We anticipate that CBPM systems will be most effective if incorporated as part of a multicomponent intervention including staff training on PI prevention and the use of pressure-reducing mattresses, which was also considered in the study by Gunningberg et al.²⁹ The non–statistically significant differential finding in our study of possibly greater benefit in non-ICU settings relative to ICU (Table 2), where multifaceted PI prevention and mitigation strategies are often already in place,^30,31,32 are supportive of bundled multicomponent approaches. It may be particularly fruitful to explore the use of CBPM technology in other care settings where there is a concentration of patients at risk of pressure injury development and yet lower nursing staff to patient ratio (ie, settings such as inpatient rehabilitation hospitals, skilled nursing facilities, long-term care facilities and long-term acute care hospitals).

Limitations

There are several limitations to our study.

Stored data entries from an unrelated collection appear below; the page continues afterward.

text \<open>Consumption profiles are unconstrained off the players; pinning them to zero there leaves
the loads unchanged and makes the set compact.\<close>

lemma compact_consumption_profiles:
  assumes fin: "finite E" and mu: "\<forall>R\<in>players E. 0 \<le> mu R"
  shows "compact {s. consumption_profile E mu s \<and> (\<forall>R j. R \<notin> players E \<longrightarrow> s R j = 0)}"
    (is "compact ?K")
proof -
  define M where "M = (\<Sum>R\<in>players E. mu R)"
  define box :: "(nat set \<Rightarrow> nat \<Rightarrow> real) set" where "box = Pi UNIV (\<lambda>_. Pi UNIV (\<lambda>_. {0..M}))"
  have "0 \<le> M"
    unfolding M_def using mu by (simp add: sum_nonneg)
  have "?K \<subseteq> box"
    unfolding box_def
  proof (intro subsetI Pi_I)
    fix s R j assume s: "s \<in> ?K"
    then have cp: "consumption_profile E mu s"
      by simp
    show "s R j \<in> {0..M}"
    proof (cases "R \<in> players E")
      case True
      have "mu R \<le> M"
        unfolding M_def by (rule member_le_sum) (use True mu finite_players[OF fin] in auto)
      then show ?thesis
        using consumption_profileD(1)[OF cp True, of j] consumption_profile_le_mass[OF fin cp True, of j] by simp
    qed (use s \<open>0 \<le> M\<close> in auto)
  qed
  moreover have "compact box"
    unfolding box_def by (intro compact_Pi_UNIV compact_Icc)
  moreover have "closed ?K"
    unfolding consumption_profile_def Ball_def
    by (intro closed_Collect_conj closed_Collect_all closed_Collect_imp open_Collect_const
        closed_Collect_le closed_Collect_eq continuous_on_const continuous_on_coordinate continuous_on_sum)
  ultimately show ?thesis
    using compact_Int_closed[of box ?K] by (simp add: Int_absorb1)
qed

lemma continuous_on_beckmann_potential:
  assumes fin: "finite E" and cont: "\<forall>j\<in>E. continuous_on {0..} (f j)"
  shows "continuous_on {s. consumption_profile E mu s} (beckmann_potential E f)"
  unfolding beckmann_potential_def
proof (intro continuous_on_sum)
  fix j assume j: "j \<in> E"
  define M where "M = (\<Sum>R\<in>players E. mu R)"
  have primitive: "continuous_on {0..M} (\<lambda>x. integral {0..x} (f j))"
    by (intro indefinite_integral_continuous_1 integrable_continuous_interval
        continuous_on_subset[OF cont[rule_format, OF j]]) auto
  have load: "continuous_on {s. consumption_profile E mu s} (\<lambda>s. load E s j)"
    unfolding load_def by (intro continuous_on_sum continuous_on_subset[OF continuous_on_coordinate]) simp
  have "load E s j \<in> {0..M}" if "consumption_profile E mu s" for s
    using load_nonneg[OF that] load_le_total_mass[OF fin that] unfolding M_def by simp
  then show "continuous_on {s. consumption_profile E mu s} (\<lambda>s. integral {0..load E s j} (f j))"
    using continuous_on_compose2[OF primitive load] by blast
qed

First, we had greater data attrition than expected due to data loss from storage failure in the downloading of data from the CBPM system at the start of our study. This unanticipated data loss underscores the need for research teams to secure robust data back-up in future studies of this technology, especially when terabytes of data are being produced, as was the case in this study. As a result of this data loss, our study was underpowered (post hoc calculated power 52%), which might explain the non–statistically significant outcomes. We were also underpowered to detect new-onset PIs due to the relatively low incidence of PI at 72 hours. To address this challenge of statistical power to study hard clinical end points will probably require a multicenter study with a much larger sample size and longer follow-up. A second limitation is that improved nursing interventions at the bedside, such as avoidance of 90-degree lateral positioning, could have also contributed to more stable pressure profiles,³³ the low incidence of PIs, and lack of difference found between the control and intervention groups. A third limitation is that the pressure outcomes examined were summary measures that do not give data on the specific locations where PIs tend to develop, nor provide a portrayal of the full duration of the interface pressure. A fourth limitation pertaining to the secondary outcome assessment is that skin changes indicative of PI can vary in the same person from day to day.^29,33 This may lead to sampling bias and/or error in assessing clinical PI outcomes over relatively short periods of time, which could have contributed to difficulties in assessing differences between the 2 groups. Additionally, there is the possibility of a Hawthorne effect where conducting the study may have elevated the overall attention paid to PIs and their prevention. Both intervention and control participants were on the same units. Such a Hawthorne effect would possibly bias the study toward a null result, although our randomization process should have mitigated this potential effect.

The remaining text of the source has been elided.